B. THE SOCIALIST ECONOMIC SYSTEM
CHAPTER XXX : THE LAW OF PLANNED PROPORTIONAL DEVELOPMENT OF THE NATIONAL ECONOMY
The Necessity for Planned Development of the Economy in a Socialist System

As is known, every social formation requires for its existence and development definite proportions in the distribution of labour and means of production among the different branches of the national economy. Under capitalism the essential proportions in the development of production are arrived at spontaneously, through constant fluctuations, disproportions and periodic crises. In directing their capital into one or other branch of production, capitalists are guided by such spontaneous barometers of economic life as the fluctuations of market prices, rates of profits, rates of interest, quotations of shares, etc.
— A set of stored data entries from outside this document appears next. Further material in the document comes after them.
(* An auction mechanism $(\pi,x)$ with display prices is incentive compatible if and only if for every advertiser $i$, every display price profile $\mathbf{p}$ and every cost-report profile $\mathbf{c}'_{-i}$ of the others: (1) $c_i\mapsto\pi_i(c_i,\mathbf{c}'_{-i},\mathbf{p})$ is non-increasing on $[\underline{c}_i,\overline{c}_i]$; and (2) there is a quantity $U_i(\mathbf{c}'_{-i},\mathbf{p})$ not depending on $i$'s cost report such that for all $c_i\in[\underline{c}_i,\overline{c}_i]$, $$x_i(c_i,\mathbf{c}'_{-i},\mathbf{p})=v_i(c_i,p_i)\pi_i(c_i,\mathbf{c}'_{-i},\mathbf{p})-\lambda_i(p_i)\int_{c_i}^{\overline{c}_i}\pi_i(z,\mathbf{c}'_{-i},\mathbf{p})\,dz-U_i(\mathbf{c}'_{-i},\mathbf{p}).$$
   Context: There are advertisers $N=\{1,\dots,n\}$ competing for a single ad slot. Advertiser $i$ has a private product cost $c_i\in[\underline{c}_i,\overline{c}_i]$ and sets a display price $p_i$. Her conversion-rate function is $\lambda_i:\mathbb{R}\to(0,1]$, and her value when displayed at price $p_i$ is $v_i(c_i,p_i)=(p_i-c_i)\lambda_i(p_i)$. Each advertiser reports a cost $c_i'\in[\underline{c}_i,\overline{c}_i]$ and a display price $p_i$; write $\mathbf{c}'=(c_i',\mathbf{c}'_{-i})$, $\mathbf{p}=(p_i,\mathbf{p}_{-i})$. An auction mechanism $(\pi,x)$ consists of allocation functions $\pi_i(\mathbf{c}',\mathbf{p})\in\{0,1\}$ (at most one advertiser wins the slot) and payment functions $x_i(\mathbf{c}',\mathbf{p})\in\mathbb{R}$. The utility of advertiser $i$ with true cost $c_i$ is $u_i(c_i,\mathbf{c}',\mathbf{p})=v_i(c_i,p_i)\pi_i(\mathbf{c}',\mathbf{p})-x_i(\mathbf{c}',\mathbf{p})$. The mechanism is incentive compatible (IC) if for all $i$, all $c_i$, all $\mathbf{p}$ and all $\mathbf{c}'$: $u_i(c_i,(c_i,\mathbf{c}'_{-i}),\mathbf{p})\ge u_i(c_i,(c_i',\mathbf{c}'_{-i}),\mathbf{p})$. *)

theory Defs
  imports "HOL-Analysis.Analysis"
begin

text \<open>Advertisers are the elements of a finite type 'a.
 Allocation pi i c p (real-valued, in {0,1}), payment x i c p.\<close>

definition adv_value :: "('a \<Rightarrow> real \<Rightarrow> real) \<Rightarrow> 'a \<Rightarrow> real \<Rightarrow> real \<Rightarrow> real" where
  "adv_value lam i ci pr = (pr - ci) * lam i pr"

definition utility ::
  "('a \<Rightarrow> real \<Rightarrow> real) \<Rightarrow> ('a \<Rightarrow> ('a \<Rightarrow> real) \<Rightarrow> ('a \<Rightarrow> real) \<Rightarrow> real)
   \<Rightarrow> ('a \<Rightarrow> ('a \<Rightarrow> real) \<Rightarrow> ('a \<Rightarrow> real) \<Rightarrow> real)
   \<Rightarrow> 'a \<Rightarrow> real \<Rightarrow> ('a \<Rightarrow> real) \<Rightarrow> ('a \<Rightarrow> real) \<Rightarrow> real" where
  "utility lam alloc pay i ci c' p = adv_value lam i ci (p i) * alloc i c' p - pay i c' p"

definition cost_profile :: "('a \<Rightarrow> real) \<Rightarrow> ('a \<Rightarrow> real) \<Rightarrow> ('a \<Rightarrow> real) \<Rightarrow> bool" where
  "cost_profile lo hi c' \<longleftrightarrow> (\<forall>j. c' j \<in> {lo j..hi j})"

definition auction_mechanism ::
  "('a \<Rightarrow> real) \<Rightarrow> ('a \<Rightarrow> real) \<Rightarrow> ('a \<Rightarrow> ('a \<Rightarrow> real) \<Rightarrow> ('a \<Rightarrow> real) \<Rightarrow> real) \<Rightarrow> bool" where
  "auction_mechanism lo hi alloc \<longleftrightarrow>
     (\<forall>c' p. cost_profile lo hi c' \<longrightarrow>
        (\<forall>i. alloc i c' p \<in> {0, 1}) \<and> card {i. alloc i c' p = 1} \<le> 1)"

definition incentive_compatible ::
  "('a \<Rightarrow> real) \<Rightarrow> ('a \<Rightarrow> real) \<Rightarrow> ('a \<Rightarrow> real \<Rightarrow> real)
   \<Rightarrow> ('a \<Rightarrow> ('a \<Rightarrow> real) \<Rightarrow> ('a \<Rightarrow> real) \<Rightarrow> real)
   \<Rightarrow> ('a \<Rightarrow> ('a \<Rightarrow> real) \<Rightarrow> ('a \<Rightarrow> real) \<Rightarrow> real) \<Rightarrow> bool" where
  "incentive_compatible lo hi lam alloc pay \<longleftrightarrow>
     (\<forall>i ci p c'. ci \<in> {lo i..hi i} \<longrightarrow> cost_profile lo hi c' \<longrightarrow>
        utility lam alloc pay i ci (c'(i := ci)) p \<ge> utility lam alloc pay i ci c' p)"

end

theory Submission
  imports Defs
begin

text \<open>Fix everything except advertiser i's cost report z, and write f z for her allocation
 and g z for her utility when reporting truthfully. A true cost c reporting z then earns
 g z + (z - c) L f z with L the conversion rate, so IC is the two-sided bound
 (z - c) L f z \<le> g c - g z \<le> (z - c) L f c for c \<le> z. It forces f to be non-increasing,
 and for non-increasing f it is satisfied by L times the integral of f over [c, hi]. Any two
 solutions differ by a function whose increment over [c, z] is bounded by (z - c) L (f c - f z);
 cutting [c, z] into n equal pieces and telescoping improves this bound to
 (z - c) L (f c - f z) / n, so the difference is constant. This is Myerson's payment identity.\<close>

definition ic_on :: "real set \<Rightarrow> real \<Rightarrow> (real \<Rightarrow> real) \<Rightarrow> (real \<Rightarrow> real) \<Rightarrow> bool" where
  "ic_on S L f g \<longleftrightarrow> (\<forall>c\<in>S. \<forall>z\<in>S. g z + (z - c) * L * f z \<le> g c)"

lemma ic_on_iff_bounds:
  "ic_on S L f g \<longleftrightarrow>
    (\<forall>c\<in>S. \<forall>z\<in>S. c \<le> z \<longrightarrow> (z - c) * L * f z \<le> g c - g z \<and> g c - g z \<le> (z - c) * L * f c)"
  unfolding ic_on_def
proof (intro iffI ballI impI)
  fix c z assume ic: "\<forall>c\<in>S. \<forall>z\<in>S. g z + (z - c) * L * f z \<le> g c"
    and "c \<in> S" "z \<in> S" "c \<le> z"
  then have "g z + (z - c) * L * f z \<le> g c" "g c + (c - z) * L * f c \<le> g z"
    by auto
  then show "(z - c) * L * f z \<le> g c - g z \<and> g c - g z \<le> (z - c) * L * f c"
    by (simp add: left_diff_distrib)
next
  fix c z assume bounds: "\<forall>c\<in>S. \<forall>z\<in>S. c \<le> z \<longrightarrow>
      (z - c) * L * f z \<le> g c - g z \<and> g c - g z \<le> (z - c) * L * f c"
    and "c \<in> S" "z \<in> S"
  then consider "(z - c) * L * f z \<le> g c - g z" | "g z - g c \<le> (c - z) * L * f z"
    by (metis linorder_le_cases)
  then show "g z + (z - c) * L * f z \<le> g c"
    by cases (simp_all add: left_diff_distrib)
qed

lemma ic_on_imp_antimono_on:
  assumes "ic_on S L f g" and "0 < L"
  shows "antimono_on S f"
proof (rule monotone_onI)
  fix c z assume "c \<in> S" "z \<in> S" "c \<le> z"
  then have "(z - c) * L * f z \<le> (z - c) * L * f c"
    using assms(1) unfolding ic_on_iff_bounds by fastforce
  then show "f z \<le> f c"
    using \<open>0 < L\<close> \<open>c \<le> z\<close> by (cases "c = z") (auto simp: mult_le_cancel_left_pos)
qed

lemma antimono_on_integrable:
  fixes f :: "real \<Rightarrow> real"
  assumes "antimono_on {a..b} f"
  shows "f integrable_on {a..b}"
proof -
  have "mono_on {a..b} (\<lambda>x. - f x)"
    using assms by (auto simp: monotone_on_def)
  then have "(\<lambda>x. - f x) integrable_on {a..b}"
    by (rule integrable_on_mono_on)
  then show ?thesis
    using integrable_neg by fastforce
qed

lemma integral_antimono_on_bounds:
  fixes f :: "real \<Rightarrow> real"
  assumes "antimono_on {c..z} f" and "c \<le> z"
  shows "(z - c) * f z \<le> integral {c..z} f" and "integral {c..z} f \<le> (z - c) * f c"
proof -
  have f_int: "f integrable_on {c..z}"
    using antimono_on_integrable[OF assms(1)] .
  have f_between: "f z \<le> f x" "f x \<le> f c" if "x \<in> {c..z}" for x
    using that assms by (auto simp: monotone_on_def)
  have "integral {c..z} (\<lambda>_. f z) \<le> integral {c..z} f"
    using f_int f_between(1) by (intro integral_le) auto
  then show "(z - c) * f z \<le> integral {c..z} f"
    using \<open>c \<le> z\<close> by simp
  have "integral {c..z} f \<le> integral {c..z} (\<lambda>_. f c)"
    using f_int f_between(2) by (intro integral_le) auto
  then show "integral {c..z} f \<le> (z - c) * f c"
    using \<open>c \<le> z\<close> by simp
qed

lemma ic_on_integral:
  fixes f :: "real \<Rightarrow> real"
  assumes f: "antimono_on {a..b} f" and "0 \<le> L"
  shows "ic_on {a..b} L f (\<lambda>c. L * integral {c..b} f + U)"
  unfolding ic_on_iff_bounds
proof (intro ballI impI)
  fix c z assume c: "c \<in> {a..b}" and z: "z \<in> {a..b}" and "c \<le> z"
  have "f integrable_on {c..b}"
    using c antimono_on_integrable[OF monotone_on_subset[OF f]] by auto
  then have combine: "integral {c..z} f + integral {z..b} f = integral {c..b} f"
    using \<open>c \<le> z\<close> z by (intro Henstock_Kurzweil_Integration.integral_combine) auto
  have "antimono_on {c..z} f"
    by (rule monotone_on_subset[OF f]) (use c z in auto)
  note bounds = integral_antimono_on_bounds[OF this \<open>c \<le> z\<close>]
  have "(L * integral {c..b} f + U) - (L * integral {z..b} f + U) = L * integral {c..z} f"
    by (simp add: combine[symmetric] algebra_simps)
  then show "(z - c) * L * f z \<le> (L * integral {c..b} f + U) - (L * integral {z..b} f + U) \<and>
      (L * integral {c..b} f + U) - (L * integral {z..b} f + U) \<le> (z - c) * L * f c"
    using mult_left_mono[OF bounds(1) \<open>0 \<le> L\<close>] mult_left_mono[OF bounds(2) \<open>0 \<le> L\<close>]
    by (simp add: mult.commute mult.left_commute)
qed

lemma const_if_abs_diff_le_width_times_drop:
  fixes f h :: "real \<Rightarrow> real"
  assumes f: "antimono_on {a..b} f"
    and bound: "\<And>c z. c \<in> {a..b} \<Longrightarrow> z \<in> {a..b} \<Longrightarrow> c \<le> z \<Longrightarrow> \<bar>h c - h z\<bar> \<le> (z - c) * (f c - f z)"
    and c: "c \<in> {a..b}" and z: "z \<in> {a..b}"
  shows "h c = h z"
proof -
  have "h c = h z" if c: "c \<in> {a..b}" and z: "z \<in> {a..b}" and "c \<le> z" for c z
  proof -
    have refined: "\<bar>h c - h z\<bar> \<le> (z - c) * (f c - f z) / real n" if "0 < n" for n :: nat
    proof -
      define d where "d = (z - c) / real n"
      define x where "x k = c + real k * d" for k :: nat
      have d_nonneg: "0 \<le> d" using \<open>c \<le> z\<close> by (simp add: d_def)
      have x_in: "x k \<in> {a..b}" if "k \<le> n" for k
      proof -
        have "0 \<le> real k * d" "real k * d \<le> real n * d"
          using that d_nonneg by (auto intro: mult_right_mono)
        moreover have "real n * d = z - c" using \<open>0 < n\<close> by (simp add: d_def)
        ultimately show ?thesis using c z by (auto simp: x_def)
      qed
      have "\<bar>h c - h (x k)\<bar> \<le> d * (f c - f (x k))" if "k \<le> n" for k
        using that
      proof (induction k)
        case 0
        then show ?case by (simp add: x_def)
      next
        case (Suc k)
        have step: "x (Suc k) - x k = d" by (simp add: x_def algebra_simps)
        have "\<bar>h c - h (x (Suc k))\<bar> \<le> \<bar>h c - h (x k)\<bar> + \<bar>h (x k) - h (x (Suc k))\<bar>"
          by arith
        also have "\<dots> \<le> d * (f c - f (x k)) + (x (Suc k) - x k) * (f (x k) - f (x (Suc k)))"
          using Suc bound[OF x_in x_in, of k "Suc k"] step d_nonneg by simp
        also have "\<dots> = d * (f c - f (x (Suc k)))"
          by (simp add: step algebra_simps)
        finally show ?case .
      qed
      then have "\<bar>h c - h (x n)\<bar> \<le> d * (f c - f (x n))" by blast
      moreover have "x n = z" using \<open>0 < n\<close> by (simp add: x_def d_def)
      ultimately show ?thesis by (simp add: d_def)
    qed
    have "(\<lambda>n. (z - c) * (f c - f z) / real n) \<longlonglongrightarrow> 0"
      by (rule lim_const_over_n)
    then have "\<bar>h c - h z\<bar> \<le> 0"
      by (rule LIMSEQ_le_const) (use refined in \<open>auto intro: exI[of _ 1]\<close>)
    then show ?thesis by simp
  qed
  then show ?thesis using c z by (metis linorder_le_cases)
qed

lemma ic_on_unique:
  assumes g1: "ic_on {a..b} L f g1" and g2: "ic_on {a..b} L f g2"
    and f: "antimono_on {a..b} f" and "0 \<le> L"
    and c: "c \<in> {a..b}" and z: "z \<in> {a..b}"
  shows "g1 c - g2 c = g1 z - g2 z"
proof -
  have "antimono_on {a..b} (\<lambda>x. L * f x)"
    using f \<open>0 \<le> L\<close> by (auto simp: monotone_on_def mult_left_mono)
  then show ?thesis
  proof (rule const_if_abs_diff_le_width_times_drop[OF _ _ c z])
    fix c z assume "c \<in> {a..b}" "z \<in> {a..b}" "c \<le> z"
    then have "(z - c) * L * f z \<le> g1 c - g1 z" "g1 c - g1 z \<le> (z - c) * L * f c"
      and "(z - c) * L * f z \<le> g2 c - g2 z" "g2 c - g2 z \<le> (z - c) * L * f c"
      using g1 g2 unfolding ic_on_iff_bounds by auto
    moreover have "(z - c) * (L * f c - L * f z) = (z - c) * L * f c - (z - c) * L * f z"
      by (simp add: algebra_simps)
    ultimately show "\<bar>(g1 c - g2 c) - (g1 z - g2 z)\<bar> \<le> (z - c) * (L * f c - L * f z)"
      by (simp add: abs_le_iff)
  qed
qed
In socialist economy, as a result of the socialisation of the means of production, the spontaneous barometers of economic life are abolished. Socialist society cannot develop blindly and by drifting along of its own accord. In socialist conditions the necessary proportions in the distribution of means of production and labour-power between branches of the economy can only be achieved in a planned way. Planned development of socialist economy is made necessary and possible by social ownership of the means of production. Engels stated that the passing of the means of production into social ownership makes possible “socialised production upon a predetermined plan". (Anti-Duhring, English edition, 1954, p. 395.) In contradistinction to private ownership of the means of production, whichdisunites the commodity producers and gives rise to competition and anarchy in production, social ownership unites a multitude of enterprises into a single national economic whole, subordinated to a single aim arising from the requirements of the basic economic law of socialism. Large-scale socialised production in a socialist society can develop only through Ii general plan, which provides unity of action for the whole of society and ensures the necessary proportions in the development of individual industries and enterprises and of the national economy as a whole.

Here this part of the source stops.